* [Task statement]: Repeat word for word the line with "l = 0 \<and>" and every line after it until the records below run out.

Recorded data
(* Let $C=\{c_1,\dots,c_m\}$ and fix the axis $c_1\lhd\dots\lhd c_m$. For all $i,j\in[m]$, the probability that candidate $c_j$ appears in position $i$ in a vote sampled from the Walsh distribution $\mathcal{D}_{\mathrm{SP}}^{\mathrm{Wal}}$ is \[\frac{1}{2^{m-i+1}}\binom{m-i}{j-1}\mathbb{1}_{j\le m-i+1}+\frac{1}{2^{m-i+1}}\binom{m-i}{j-i}\mathbb{1}_{j>i-1}.\]
   Context: A vote over $C$ is a total order on $C$ (position 1 is the top). A vote is single-peaked with respect to the axis $c_1\lhd\dots\lhd c_m$ if for every $t\in[m]$ its $t$ top-ranked candidates form a set of consecutive candidates $\{c_a,c_{a+1},\dots,c_b\}$. The Walsh distribution $\mathcal{D}_{\mathrm{SP}}^{\mathrm{Wal}}$ assigns probability $1/2^{m-1}$ to each vote single-peaked with respect to this axis and probability $0$ to all other votes. $\mathbb{1}$ denotes an indicator. *)

theory Defs
  imports "HOL-Analysis.Analysis"
begin

text \<open>Candidates c_1,...,c_m are represented by the numbers 1..m (c_k = k), with the axis
  1 < 2 < ... < m. A vote is a list listing all candidates exactly once; position p (1-based)
  holds the candidate v ! (p - 1).\<close>

definition is_vote :: "nat \<Rightarrow> nat list \<Rightarrow> bool" where
  "is_vote m v \<longleftrightarrow> distinct v \<and> set v = {1..m}"

definition single_peaked :: "nat \<Rightarrow> nat list \<Rightarrow> bool" where
  "single_peaked m v \<longleftrightarrow>
     is_vote m v \<and> (\<forall>t\<in>{1..m}. \<exists>a b. set (take t v) = {a..b})"

definition walsh_prob :: "nat \<Rightarrow> nat list \<Rightarrow> real" where
  "walsh_prob m v = (if single_peaked m v then 1 / 2 ^ (m - 1) else 0)"

definition walsh_event_prob :: "nat \<Rightarrow> (nat list \<Rightarrow> bool) \<Rightarrow> real" where
  "walsh_event_prob m P = (\<Sum>v\<in>{v. is_vote m v \<and> P v}. walsh_prob m v)"

end

theory Submission
  imports Defs
begin

(* Read from the bottom, a single-peaked vote ranks last one of the two end points of the
  interval of candidates still to be ranked.  So the candidates below position k + 1 are taken
  from the two ends of the axis, and if r of them come from the left end, the candidate at
  position k + 1 is an end point 1 + r or 1 + r + k of the remaining interval; the k candidates
  above it can still be ordered in 2^(k-1) single-peaked ways.  Choosing which of the
  m - k - 1 lower candidates come from the left gives the two binomial coefficients.  Formally,
  the counts satisfy Pascal's recurrence along the recursion on the last-ranked candidate. *)

definition interval_prefixes :: "nat list \<Rightarrow> bool" where
  "interval_prefixes v \<longleftrightarrow> (\<forall>t. \<exists>x y. set (take t v) = {x..y})"
text \<open>Attaching each puncture z to the side that contains its connected punctured
  neighbourhood N z extends P and Q to an open partition of the whole space.\<close>
lemma connectedin_Int_open_partition:
  assumes punct: "\<And>z. z \<in> topspace Z - W \<Longrightarrow> connected_puncture Z W z"
    and P: "openin Z P" and Q: "openin Z Q" and PQ: "P \<inter> Q = {}" "P \<union> Q = W"
    and K: "connectedin Z K"
  shows "K \<inter> W \<subseteq> P \<or> K \<inter> W \<subseteq> Q"
proof -
  have nbhds: "\<forall>z\<in>topspace Z - W. \<exists>U. openin Z U \<and> z \<in> U \<and> U - {z} \<subseteq> W \<and> U - {z} \<noteq> {} \<and>
      connectedin Z U \<and> connectedin Z (U - {z})"
    using punct unfolding connected_puncture_def by simp
  obtain N where N: "\<And>z. z \<in> topspace Z - W \<Longrightarrow> openin Z (N z) \<and> z \<in> N z \<and> N z - {z} \<subseteq> W \<and>
      N z - {z} \<noteq> {} \<and> connectedin Z (N z) \<and> connectedin Z (N z - {z})"
    using bchoice[OF nbhds] by blast
  have split: "C \<subseteq> A \<or> C \<subseteq> B"
    if "connectedin Z C" "openin Z A" "openin Z B" "A \<inter> B = {}" "C \<subseteq> A \<union> B" for A B C
  proof -
    have "separatedin Z A B"
      using that(2-4) by (simp add: separatedin_open_sets disjnt_def)
    then show ?thesis
      using connectedin_subset_separated_union that(1,5) by blast
  qed
  define extend where "extend A = A \<union> {z \<in> topspace Z - W. N z - {z} \<subseteq> A}" for A
  have extend_open: "openin Z (extend A)" if "openin Z A" for A
    unfolding openin_subopen[of Z "extend A"]
  proof
    fix x assume "x \<in> extend A"
    then consider "x \<in> A" | "x \<in> topspace Z - W" "N x - {x} \<subseteq> A"
      unfolding extend_def by blast
    then show "\<exists>T. openin Z T \<and> x \<in> T \<and> T \<subseteq> extend A"
    proof cases
      case 1 then show ?thesis using that unfolding extend_def by blast
    next
      case 2 then show ?thesis using N[of x] unfolding extend_def by blast
    qed
  qed
  have "extend P \<inter> extend Q = {}"
  proof -
    have "\<not> (N z - {z} \<subseteq> P \<and> N z - {z} \<subseteq> Q)" if "z \<in> topspace Z - W" for z
      using N[OF that] PQ(1) by blast
    then show ?thesis
      using PQ unfolding extend_def by blast
  qed
  moreover have "K \<subseteq> extend P \<union> extend Q"
  proof
    fix x assume x: "x \<in> K"
    show "x \<in> extend P \<union> extend Q"
    proof (cases "x \<in> W")
      case True then show ?thesis using PQ unfolding extend_def by blast
    next
      case False
      then have "x \<in> topspace Z - W"
        using x connectedin_subset_topspace[OF K] by blast
      then have "N x - {x} \<subseteq> P \<or> N x - {x} \<subseteq> Q"
        using N[of x] split[OF _ P Q PQ(1)] PQ(2) by blast
      then show ?thesis using \<open>x \<in> topspace Z - W\<close> unfolding extend_def by blast
    qed
  qed
  ultimately have "K \<subseteq> extend P \<or> K \<subseteq> extend Q"
    using split[OF K extend_open[OF P] extend_open[OF Q]] by blast
  then show ?thesis unfolding extend_def by blast
qed
(* For every environment $\omega$, $n=l+m$, $x=-l+m$ with $l,m\ge0$, $$P^{\omega}_n(X_n=x)=P^{\mathbf 0}_n(X_n=x)+\tfrac12\{p^{(H)}_n(l,m)^2-q^{(H)}_n(l,m)^2\}\sin(\omega_0),$$ where $P^{\mathbf 0}_n$ denotes the quenched law for the environment $\omega\equiv0$.
   Context: $U_x=\frac{1}{\sqrt2}\begin{pmatrix} e^{i\omega_x} & 1\\ 1 & -e^{-i\omega_x}\end{pmatrix}=\begin{pmatrix} a_x & b_x\\ c_x & d_x\end{pmatrix}$ ($\omega_x\in\mathbb R$), $P_x=\begin{pmatrix} a_x & b_x\\ 0&0\end{pmatrix}$, $Q_x=\begin{pmatrix} 0&0\\ c_x & d_x\end{pmatrix}$. $\Xi_0(0,0)=I$, $\Xi_n(l,m)=0$ if $l<0$ or $m<0$, and $\Xi_{n+1}(l,m)=P_{x+1}\Xi_n(l-1,m)+Q_{x-1}\Xi_n(l,m-1)$ for $l,m\ge0$, $l+m=n+1$, $x=-l+m$. With $\varphi_*={}^T[1/\sqrt2,i/\sqrt2]$, $P^{\omega}_n(X_n=x)=\|\Xi_n(l,m)\varphi_*\|^2$. Here, for $\min\{l,m\}\ge1$, $p^{(H)}_n(l,m)=(1/\sqrt2)^{n-1}\sum_{\gamma=1}^{(l-1)\wedge m}(-1)^{m-\gamma}\binom{l-1}{\gamma}\binom{m-1}{\gamma-1}$ and $q^{(H)}_n(l,m)=(1/\sqrt2)^{n-1}\sum_{\gamma=1}^{l\wedge(m-1)}(-1)^{m-\gamma-1}\binom{l-1}{\gamma-1}\binom{m-1}{\gamma}$ (empty sums are $0$); $p^{(H)}_n(0,n)=0$, $q^{(H)}_n(0,n)=(-1/\sqrt2)^{n-1}$, $p^{(H)}_n(n,0)=(1/\sqrt2)^{n-1}$, $q^{(H)}_n(n,0)=0$ for $n\ge1$, and $p^{(H)}_0(0,0)=q^{(H)}_0(0,0)=0$. *)

theory Defs
  imports "HOL-Analysis.Analysis"
begin

type_synonym cmat2 = "complex ^ 2 ^ 2"

definition coin_a :: "(int \<Rightarrow> real) \<Rightarrow> int \<Rightarrow> complex" where
  "coin_a \<omega> x = exp (\<i> * complex_of_real (\<omega> x)) / complex_of_real (sqrt 2)"
definition coin_b :: "(int \<Rightarrow> real) \<Rightarrow> int \<Rightarrow> complex" where
  "coin_b \<omega> x = 1 / complex_of_real (sqrt 2)"
definition coin_c :: "(int \<Rightarrow> real) \<Rightarrow> int \<Rightarrow> complex" where
  "coin_c \<omega> x = 1 / complex_of_real (sqrt 2)"
definition coin_d :: "(int \<Rightarrow> real) \<Rightarrow> int \<Rightarrow> complex" where
  "coin_d \<omega> x = - exp (- \<i> * complex_of_real (\<omega> x)) / complex_of_real (sqrt 2)"

definition coinU :: "(int \<Rightarrow> real) \<Rightarrow> int \<Rightarrow> cmat2" where
  "coinU \<omega> x = (\<chi> i j. if i = 1 then (if j = 1 then coin_a \<omega> x else coin_b \<omega> x)
                           else (if j = 1 then coin_c \<omega> x else coin_d \<omega> x))"

definition matP :: "(int \<Rightarrow> real) \<Rightarrow> int \<Rightarrow> cmat2" where
  "matP \<omega> x = (\<chi> i j. if i = 1 then coinU \<omega> x $ i $ j else 0)"

definition matQ :: "(int \<Rightarrow> real) \<Rightarrow> int \<Rightarrow> cmat2" where
  "matQ \<omega> x = (\<chi> i j. if i = 2 then coinU \<omega> x $ i $ j else 0)"

fun Xi :: "(int \<Rightarrow> real) \<Rightarrow> nat \<Rightarrow> int \<Rightarrow> int \<Rightarrow> cmat2" where
  "Xi \<omega> 0 l m = (if l = 0 \<and> m = 0 then mat 1 else 0)"
| "Xi \<omega> (Suc n) l m =
     (if l < 0 \<or> m < 0 then 0
      else matP \<omega> (- l + m + 1) ** Xi \<omega> n (l - 1) m
         + matQ \<omega> (- l + m - 1) ** Xi \<omega> n l (m - 1))"

definition phi0 :: "complex ^ 2" where
  "phi0 = (\<chi> i. if i = 1 then 1 / complex_of_real (sqrt 2) else \<i> / complex_of_real (sqrt 2))"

* [Solution to this problem]:
  "Xi \<omega> 0 l m = (if l = 0 \<and> m = 0 then mat 1 else 0)"
| "Xi \<omega> (Suc n) l m =
     (if l < 0 \<or> m < 0 then 0
      else matP \<omega> (- l + m + 1) ** Xi \<omega> n (l - 1) m
         + matQ \<omega> (- l + m - 1) ** Xi \<omega> n l (m - 1))"

definition phi0 :: "complex ^ 2" where
  "phi0 = (\<chi> i. if i = 1 then 1 / complex_of_real (sqrt 2) else \<i> / complex_of_real (sqrt 2))"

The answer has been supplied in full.